Along with the run-of-the-mill repressive measures that Nation-states implement to repress militant independentist movements, such as the outlawing of political parties (as the PKK currently is), Turkey is determined to play dirty. Since October, two terrorist attacks in Turkey have been attributed to separatist Kurdish movements. However, the Ankara attack has been strongly linked to ISIS, and the Turkish authorities failed to demonstrate the PYD’s (Syrian-Kurdish independentist movement) direct involvement in the February 17th attack. But Erdogan’s arsenal for the campaign against the Kurds is not limited to defamatory claims alone, nor is the campaign’s attack limited to the Turkish Kurds. In various instances, none of which Erdogan and his cabinet, the Turkish military has reportedly been shelling Syrian military positions belonging to the YPG (Kurdish People’s Protection Units). This, of course, is the same YPG which is fighting ISIS and is being sponsored by the U.S., against whom Erdogan has been conducting his diplomatic attacks. If one looks at Turkey’s actions objectively, it should become clear that these measures represent a clear charge over no-man’s land against an ill-equipped foe, which has been attacked on two fronts.
This situation could be readily dismissed as an ethno-sectarian expression of the current Middle-Eastern free-for-all, if it were not for an oft-overlooked historical precedent: the Armenian genocide. This historical bloodbath, along with the Turkish denial of its occurrence (speaking and writing on the Eastern Shoah can be criminalised on the grounds it insults Turkey), should already be a red flag. Often, to draw such historical parallels is as dangerous as it is simplistic, but not in this case. To begin with, the hatred of Kurds is not confined to the state and authorities, but is endemic in Turkish society. Recent Russian support for the Kurdish cause in Syria adds to the mixture the Orwellian fear of internal enemies supported by foreign powers, which so often escalated to minority persecution. The cluster of Middle Eastern civil strife and wars are equipping the Turkish government with a useful drape, behind which low punches can hardly be seen.
Considering these premises, Kurdish agitation should become understandable to say the least. Turkish hate reserved for Kurds is only overshadowed by their loathing of Armenians. In 1915, the Armenians were accused of betrayal and of supporting the belligerent Russian Empire, all of this under ‘the fog of war,’ of World War I. Marxist lines on history repeating itself are not always clichés. The Turkish governmental rhetoric is not helping either, but fanning the flames of conflict. Ahmet Davutoğlu, a Turkish PM, commented that ‘those who see Turkey’s enemy as their friend will lose Turkey’s friendship’. This is nothing but a polite rendition of Mussolini’s maxim ‘Either with us, or against us’.

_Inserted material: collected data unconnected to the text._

lemma hess_R_lagrangian_y_direction:
  assumes "C2 f"
  shows "hess (mpoc_lagrangian (R_obj f) R_I R_h R_J (R_g s) R_M R_F1 R_F2 zb lam mu s1 s2 r1 r2)
    z (0, v) \<eta> = 0"
proof -
  obtain f' f'' where f': "\<And>x. (f has_derivative f' x) (at x)"
    and f'': "\<And>x \<eta>. ((\<lambda>w. f' w \<eta>) has_derivative (\<lambda>\<xi>. f'' x \<xi> \<eta>)) (at x)"
    using assms unfolding C2_def by blast
  obtain K where L': "\<And>w. (mpoc_lagrangian (R_obj f) R_I R_h R_J (R_g s) R_M R_F1 R_F2 zb
      lam mu s1 s2 r1 r2 has_derivative (\<lambda>\<eta>. f' (fst w) (fst \<eta>) - K \<eta>)) (at w)"
    using has_derivative_R_lagrangian[OF f'] by blast
  have "((\<lambda>w. f' (fst w) (fst \<eta>)) has_derivative (\<lambda>\<xi>. f'' (fst z) (fst \<xi>) (fst \<eta>))) (at z)"
    by (rule has_derivative_compose[OF has_derivative_fst[OF has_derivative_ident] f''])
  from hess_eqI[OF L' this] show ?thesis
    using linear_0[OF has_derivative_linear[OF f'']] by simp
qed

lemma R_T_mult_balance:
  fixes z :: "(real^'n) \<times> (real^'n)"
  assumes "mpoc_T_mult (R_obj f) R_I R_h R_J (R_g s) R_M R_F1 R_F2 z lam mu s1 s2 r1 r2"
    and "f differentiable (at (fst z))" and "0 < snd z $ j"
  shows "(if None \<in> J0 R_J (R_g s) z then mu None else 0) =
    (if Some j \<in> J0 R_J (R_g s) z then mu (Some j) else 0)"
proof -
  let ?\<xi> = "(0, axis j 1) :: (real^'n) \<times> (real^'n)"
  have unit: "axis j 1 $ i = (if i = j then 1 else 0)" for i :: 'n
    by (simp add: axis_def)
  have "(\<Sum>k\<in>J0 R_J (R_g s) z. mu k * Dfun (R_g s k) z ?\<xi>) =
    (\<Sum>k\<in>J0 R_J (R_g s) z. (if k = None then mu None else 0) - (if k = Some j then mu (Some j) else 0))"
    by (rule sum.cong) (auto simp: unit split: option.splits)
  also have "\<dots> = (if None \<in> J0 R_J (R_g s) z then mu None else 0) -
    (if Some j \<in> J0 R_J (R_g s) z then mu (Some j) else 0)"
    by (simp add: sum_subtractf)
  finally have J0_part: "(\<Sum>k\<in>J0 R_J (R_g s) z. mu k * Dfun (R_g s k) z ?\<xi>) = \<dots>" .
  have "(\<Sum>m\<in>a10 R_M R_F1 R_F2 z. s2 m * snd ?\<xi> $ m) = 0"
    "(\<Sum>m\<in>a00 R_M R_F1 R_F2 z. r1 m * fst ?\<xi> $ m + r2 m * snd ?\<xi> $ m) = 0"
    using assms(3) by (auto intro!: sum.neutral simp: R_a10_iff R_a00_iff unit)
  with J0_part assms(1)[unfolded mpoc_T_mult_def, THEN conjunct1, THEN spec, of ?\<xi>]
  show ?thesis
    by (simp add: frechet_derivative_R_obj_snd[OF assms(2)] R_I_def)
qed

lemma R_axis_mem_tangent:
  assumes "None \<notin> J0 R_J (R_g s) z" and "0 < snd z $ j" and "snd z $ j < 1"
  shows "(0, axis j 1) \<in> mpoc_tangent R_I R_h R_J (R_g s) R_M R_F1 R_F2 z"
proof -
  have "k \<in> J0 R_J (R_g s) z \<Longrightarrow> Dfun (R_g s k) z (0, axis j 1) = 0" for k
    using assms by (cases k) (auto simp: R_bound_active_iff axis_def)
  moreover have "m \<in> a10 R_M R_F1 R_F2 z \<union> a00 R_M R_F1 R_F2 z \<Longrightarrow> axis j 1 $ m = 0" for m
    using assms by (auto simp: R_a10_iff R_a00_iff axis_def)
  ultimately show ?thesis
    by (auto simp: mpoc_tangent_def R_I_def)
qed

lemma R_not_LICQ:
  fixes z :: "(real^'n) \<times> (real^'n)"
  assumes "None \<in> J0 R_J (R_g s) z" and binary: "\<forall>i. snd z $ i = 0 \<or> snd z $ i = 1"
  shows "\<not> mpoc_LICQ R_I R_h R_J (R_g s) R_M R_F1 R_F2 z"
proof
  assume licq: "mpoc_LICQ R_I R_h R_J (R_g s) R_M R_F1 R_F2 z"
  define ones where "ones = {i. snd z $ i = 1}"
  define zeros where "zeros = {i. snd z $ i = 0}"
  have "k \<in> J0 R_J (R_g s) z \<longleftrightarrow> k \<in> insert None (Some ` ones)" for k
    using assms(1) by (cases k) (auto simp: R_bound_active_iff ones_def)
  then have J0_eq: "J0 R_J (R_g s) z = insert None (Some ` ones)"
    by blast
  have bounds_eq: "a10 R_M R_F1 R_F2 z \<union> a00 R_M R_F1 R_F2 z = zeros"
    by (auto simp: R_a10_iff R_a00_iff zeros_def)
  have split_UNIV: "UNIV = ones \<union> zeros" and "ones \<inter> zeros = {}"
    using binary by (auto simp: ones_def zeros_def)
  have vanishing_combination:
    "(\<Sum>i\<in>R_I. 0 * Dfun (R_h i) z \<xi>)
      + (\<Sum>k\<in>J0 R_J (R_g s) z. 1 * Dfun (R_g s k) z \<xi>)
      + (\<Sum>m\<in>a01 R_M R_F1 R_F2 z \<union> a00 R_M R_F1 R_F2 z. 0 * Dfun (R_F1 m) z \<xi>)
      + (\<Sum>m\<in>a10 R_M R_F1 R_F2 z \<union> a00 R_M R_F1 R_F2 z. (-1) * Dfun (R_F2 m) z \<xi>) = 0"
    for \<xi>
  proof -
    have "(\<Sum>i\<in>UNIV. snd \<xi> $ i) = (\<Sum>i\<in>ones. snd \<xi> $ i) + (\<Sum>i\<in>zeros. snd \<xi> $ i)"
      unfolding split_UNIV by (rule sum.union_disjoint) (use \<open>ones \<inter> zeros = {}\<close> in auto)
    then show ?thesis
      by (simp add: J0_eq bounds_eq R_I_def sum.reindex sum_negf)
  qed
  have "\<forall>k\<in>J0 R_J (R_g s) z. (1::real) = 0"
    using licq[unfolded mpoc_LICQ_def, rule_format, of "\<lambda>_. 0" "\<lambda>_. 1" "\<lambda>_. 0" "\<lambda>_. -1"]
      vanishing_combination by simp
  with assms(1) show False by simp
qed

lemma R_not_nondegenerate:
  fixes xb yb :: "real^'n"
  assumes "C2 f" and "s < CARD('n)"
    and feasible: "mpoc_feasible R_I R_h R_J (R_g s) R_M R_F1 R_F2 (xb, yb)"
  shows "\<not> mpoc_nondegenerate (R_obj f) R_I R_h R_J (R_g s) R_M R_F1 R_F2 (xb, yb)"
proof
  assume "mpoc_nondegenerate (R_obj f) R_I R_h R_J (R_g s) R_M R_F1 R_F2 (xb, yb)"
  then obtain lam mu s1 s2 r1 r2
    where licq: "mpoc_LICQ R_I R_h R_J (R_g s) R_M R_F1 R_F2 (xb, yb)"
      and mult: "mpoc_T_mult (R_obj f) R_I R_h R_J (R_g s) R_M R_F1 R_F2 (xb, yb) lam mu s1 s2 r1 r2"
      and mu_pos: "\<forall>k\<in>J0 R_J (R_g s) (xb, yb). mu k > 0"
      and nd4: "\<forall>\<xi>\<in>mpoc_tangent R_I R_h R_J (R_g s) R_M R_F1 R_F2 (xb, yb).
        (\<forall>\<eta>\<in>mpoc_tangent R_I R_h R_J (R_g s) R_M R_F1 R_F2 (xb, yb).
          hess (mpoc_lagrangian (R_obj f) R_I R_h R_J (R_g s) R_M R_F1 R_F2 (xb, yb)
            lam mu s1 s2 r1 r2) (xb, yb) \<xi> \<eta> = 0) \<longrightarrow> \<xi> = 0"
    unfolding mpoc_nondegenerate_def by blast
  have "f differentiable (at xb)"
    using assms(1) unfolding C2_def differentiable_def by blast
  note balance = R_T_mult_balance[OF mult, simplified, OF this]
  have y_bounds: "0 \<le> yb $ i \<and> yb $ i \<le> 1" for i
    using feasible unfolding R_feasible_iff by simp
  show False
  proof (cases "None \<in> J0 R_J (R_g s) (xb, yb)")
    case True
    show False
    proof (cases "\<exists>j. 0 < yb $ j \<and> yb $ j < 1")
      case True
      then obtain j where "0 < yb $ j" "yb $ j < 1" by blast
      with balance[of j] \<open>None \<in> J0 R_J (R_g s) (xb, yb)\<close> mu_pos show False
        by (auto simp: R_bound_active_iff)
    next
      case False
      with y_bounds have "\<forall>i. yb $ i = 0 \<or> yb $ i = 1"
        by (metis less_eq_real_def)
      with R_not_LICQ[of s "(xb, yb)"] True licq show False by simp
    qed
  next
    case False
    obtain j where j: "0 < yb $ j"
      using R_feasible_ex_pos[OF feasible assms(2)] by auto
    show False
    proof (cases "yb $ j = 1")
      case True
      then have "Some j \<in> J0 R_J (R_g s) (xb, yb)"
        by (simp add: R_bound_active_iff)
      with balance[OF j] False mu_pos show False
        by fastforce
    next
      case False
      with y_bounds j have "(0, axis j 1) \<in> mpoc_tangent R_I R_h R_J (R_g s) R_M R_F1 R_F2 (xb, yb)"
        using R_axis_mem_tangent[of s "(xb, yb)"] \<open>None \<notin> J0 R_J (R_g s) (xb, yb)\<close>
        by (simp add: less_le)
      with nd4 hess_R_lagrangian_y_direction[OF assms(1)]
      have "(0, axis j 1) = (0 :: (real^'n) \<times> (real^'n))"
        by blast
      then show False
        by (simp add: zero_prod_def)
    qed
  qed
qed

All things considered, ethnic repression on a 20th century scale is probably unlikely. But this has very little to do with the benevolence and magnanimity of Ankara, or indeed its progress as a state. Speaking at the Oxford Union last Tuesday, Ali Babacan, former Deputy Prime Minister of Turkey, quite rightly claimed Turkey was modernising and secularising at a fast rate. Indeed they have passed from persecuting Christian Orthodox Armenians to oppressing fellow Sunni Muslim Kurds; surely evidence of Turkish fairhandedness and ambivalence. But a series of international and diplomatic developments will prevent the conflict from escalating further. The growing threat posed by ISIS, Turkish European Union membership aspirations, and the U.S.’s backing of Syrian Kurds should all put Turkey on the road to Damascus and political convenience. For the moment, however, this will not prevent small scale discrimination and military action against Tukey’s largest minority, or their neighboring kindred. Nor will it end the conflict, or avoid it resurfacing in some years’ time.